■ **EXERCISE DETAILS**: Instruction for the data below: set down exactly the lines from the line with "t \<cdot>\<^sub>v w) (v" to the line with "using anisotropic_perturbation[OF w(1,2)", inclusive, and no others.

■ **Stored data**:
[Start of Attachment]

text \<open>The product of the reflections of order two in \<open>w\<close> and \<open>w'\<close> moves \<open>y\<close> by a vector \<open>z\<close>
  in the span of \<open>w\<close> and \<open>w'\<close>, which is therefore orthogonal to \<open>w''\<close>.\<close>

lemma exists_eichler_vector_orthogonal:
  assumes y: "y \<in> eichler_vectors" and yw: "Q y w \<noteq> 0"
    and w: "w \<in> H" "Q w w \<noteq> 0" and w': "w' \<in> H" "Q w' w' \<noteq> 0" and w'w: "Q w' w = 0"
    and w'': "w'' \<in> H" "Q w'' w = 0" "Q w'' w' = 0"
  obtains z where "z \<in> eichler_vectors" "Q z w \<noteq> 0" "Q z w'' = 0"
proof -
  have wc: "w \<in> carrier_vec d" and w'c: "w' \<in> carrier_vec d" and w''c: "w'' \<in> carrier_vec d"
    using w w' w'' hypH_carrier by auto
  have yc: "y \<in> carrier_vec d" using y eichler_vectors_carrier by auto
  have ww'': "Q w w'' = 0" and w'w'': "Q w' w'' = 0"
    using w''(2,3) Qform_swap[of d \<alpha> w w''] Qform_swap[of d \<alpha> w' w''] by simp_all
  define k where "k = qrefl w (-1) * qrefl w' (cnj (-1))"
  define z where "z = k *\<^sub>v y - y"
  have "k \<in> D" unfolding k_def by (rule qrefl_pair_in_D[OF w w']) simp
  hence zY: "z \<in> eichler_vectors" unfolding z_def using eichler_vectors_D_diff y by blast
  have z: "z = (-2 / Q w w * Q y w) \<cdot>\<^sub>v w + (-2 / Q w' w' * Q y w') \<cdot>\<^sub>v w'"
    unfolding z_def k_def qrefl_pair_mult_vec[OF wc w'c w'w yc]
    using yc wc w'c by (intro eq_vecI) auto
  have "Q z w = -2 * Q y w" unfolding z using wc w'c w'w w(2) by (simp add: Qform_add_left Qform_smult_left)
  moreover have "Q z w'' = 0" unfolding z using wc w'c ww'' w'w'' by (simp add: Qform_add_left Qform_smult_left)
  ultimately show ?thesis using that zY yw by simp
qed

text \<open>The pair of reflections \<open>(w, \<omega>)\<close>, \<open>(w'', \<omega>\<^sup>*)\<close> moves \<open>z\<close> by \<open>(\<omega> - 1) Q(z,w)/Q(w,w) w\<close>.\<close>

lemma line_in_eichler_vectors_of_orthogonal:
  assumes z: "z \<in> eichler_vectors" and zw: "Q z w \<noteq> 0" and zw'': "Q z w'' = 0"
    and w: "w \<in> H" "Q w w \<noteq> 0" and w'': "w'' \<in> H" "Q w'' w'' \<noteq> 0" "Q w'' w = 0"
  shows "c \<cdot>\<^sub>v w \<in> eichler_vectors"
proof -
  have wc: "w \<in> carrier_vec d" and w''c: "w'' \<in> carrier_vec d" using w w'' hypH_carrier by auto
  have zc: "z \<in> carrier_vec d" using z eichler_vectors_carrier by auto
  define a where "a = Q z w / Q w w"
  have "(\<omega> - 1) \<cdot>\<^sub>v (a \<cdot>\<^sub>v w) \<in> eichler_vectors" if \<omega>: "cmod \<omega> = 1" for \<omega>
  proof -
    define k where "k = qrefl w \<omega> * qrefl w'' (cnj \<omega>)"
    have "k \<in> D" unfolding k_def by (rule qrefl_pair_in_D[OF w w''(1,2) \<omega>])
    moreover have "k *\<^sub>v z - z = (\<omega> - 1) \<cdot>\<^sub>v (a \<cdot>\<^sub>v w)"
      unfolding k_def qrefl_pair_mult_vec[OF wc w''c w''(3) zc] zw'' a_def
      using zc wc w''c by (intro eq_vecI) (auto simp: field_simps)
    ultimately show ?thesis using eichler_vectors_D_diff z by metis
  qed
  hence all: "b \<cdot>\<^sub>v (a \<cdot>\<^sub>v w) \<in> eichler_vectors" for b
    using eichler_vectors_smult[of "a \<cdot>\<^sub>v w"] wc by simp
  have "a \<noteq> 0" unfolding a_def using zw w(2) by simp
  hence "c \<cdot>\<^sub>v w = (c / a) \<cdot>\<^sub>v (a \<cdot>\<^sub>v w)" by (simp add: smult_smult_assoc)
  thus ?thesis using all by simp
qed

lemma line_in_eichler_vectors:
  assumes y: "y \<in> eichler_vectors" and w: "w \<in> H" "Q w w \<noteq> 0" and yw: "Q y w \<noteq> 0"
  shows "c \<cdot>\<^sub>v w \<in> eichler_vectors"
proof -
  obtain w' w'' where w': "w' \<in> H" "Q w' w' \<noteq> 0" and w'': "w'' \<in> H" "Q w'' w'' \<noteq> 0"
    and orth: "Q w' w = 0" "Q w'' w = 0" "Q w'' w' = 0"
    using exists_anisotropic_orthogonal_pair[OF w] by blast
  obtain z where "z \<in> eichler_vectors" "Q z w \<noteq> 0" "Q z w'' = 0"
    using exists_eichler_vector_orthogonal[OF y yw w w' orth(1) w''(1) orth(2,3)] by blast
  thus ?thesis using line_in_eichler_vectors_of_orthogonal w w'' orth(2) by blast
qed

lemma anisotropic_perturbation:
  assumes u: "u \<in> H" "Q u u \<noteq> 0" and h: "h \<in> H" and x: "x \<in> carrier_vec d"
    and nz: "Q x h \<noteq> 0 \<or> Q x u \<noteq> 0"
  obtains s :: real where "h + of_real s \<cdot>\<^sub>v u \<in> H"
    "Q (h + of_real s \<cdot>\<^sub>v u) (h + of_real s \<cdot>\<^sub>v u) \<noteq> 0" "Q x (h + of_real s \<cdot>\<^sub>v u) \<noteq> 0"
proof -
  have uc: "u \<in> carrier_vec d" and hc: "h \<in> carrier_vec d" using u h hypH_carrier by auto
  obtain s :: real where s: "Q (h + of_real s \<cdot>\<^sub>v u) (h + of_real s \<cdot>\<^sub>v u) \<noteq> 0"
    "Q x h + of_real s * Q x u \<noteq> 0"
    using exists_real_shift_anisotropic[OF uc u(2) hc nz] by blast
  have "Q x (h + of_real s \<cdot>\<^sub>v u) \<noteq> 0"
    using s(2) uc hc by (simp add: Qform_add_right Qform_smult_right)
  moreover have "h + of_real s \<cdot>\<^sub>v u \<in> H" using u h d_pos by (intro hypH_add hypH_smult)
  ultimately show ?thesis using that s(1) by blast
qed

lemma H_subset_eichler_vectors:
  assumes y: "y \<in> eichler_vectors" "y \<in> H" "y \<noteq> 0\<^sub>v d"
  shows "H \<subseteq> eichler_vectors"
proof
  fix v :: "complex vec" assume v: "v \<in> H"
  have yc: "y \<in> carrier_vec d" using y(2) hypH_carrier by auto
  obtain h where h: "h \<in> H" "Q y h \<noteq> 0" using Qform_nondegenerate_H[OF y(2)] y(3) by blast
  obtain u where u: "u \<in> H" "Q u u \<noteq> 0"
    by (rule exists_anisotropic_orthogonal[OF hypH_zero[OF d_pos] hypH_zero[OF d_pos]]) auto
  obtain s where "h + of_real s \<cdot>\<^sub>v u \<in> H"
    "Q (h + of_real s \<cdot>\<^sub>v u) (h + of_real s \<cdot>\<^sub>v u) \<noteq> 0" "Q y (h + of_real s \<cdot>\<^sub>v u) \<noteq> 0"
    using anisotropic_perturbation[OF u h(1) yc] h(2) by blast
  then obtain w where w: "w \<in> H" "Q w w \<noteq> 0" "Q y w \<noteq> 0" by blast
  have wc: "w \<in> carrier_vec d" using w(1) hypH_carrier by auto
  have line_w: "c \<cdot>\<^sub>v w \<in> eichler_vectors" for c
    using line_in_eichler_vectors[OF y(1) w(1,2) w(3)] by blast
  have wY: "w \<in> eichler_vectors" using line_w[of 1] wc by simp
  obtain t where v': "v + of_real t \<cdot>\<^sub>v w \<in> H"
    "Q (v + of_real t \<cdot>\<^sub>v w) (v + of_real t \<cdot>\<^sub>v w) \<noteq> 0" "Q w (v + of_real t \<cdot>\<^sub>v w) \<noteq> 0"
    using anisotropic_perturbation[OF w(1,2) v wc] w(2) by blast
  have "1 \<cdot>\<^sub>v (v + of_real t \<cdot>\<^sub>v w) \<in> eichler_vectors"
    using line_in_eichler_vectors[OF wY v'] by blast
  moreover have "v = 1 \<cdot>\<^sub>v (v + of_real t \<cdot>\<^sub>v w) - of_real t \<cdot>\<^sub>v w"
    using v wc hypH_carrier[OF v] by (intro eq_vecI) auto
  ultimately show "v \<in> eichler_vectors" using eichler_vectors_diff line_w by metis
qed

[End of Attachment]

■ **EXERCISE ANSWER**:
    "Q (v + of_real t \<cdot>\<^sub>v w) (v + of_real t \<cdot>\<^sub>v w) \<noteq> 0" "Q w (v + of_real t \<cdot>\<^sub>v w) \<noteq> 0"
    using anisotropic_perturbation[OF w(1,2) v wc] w(2) by blast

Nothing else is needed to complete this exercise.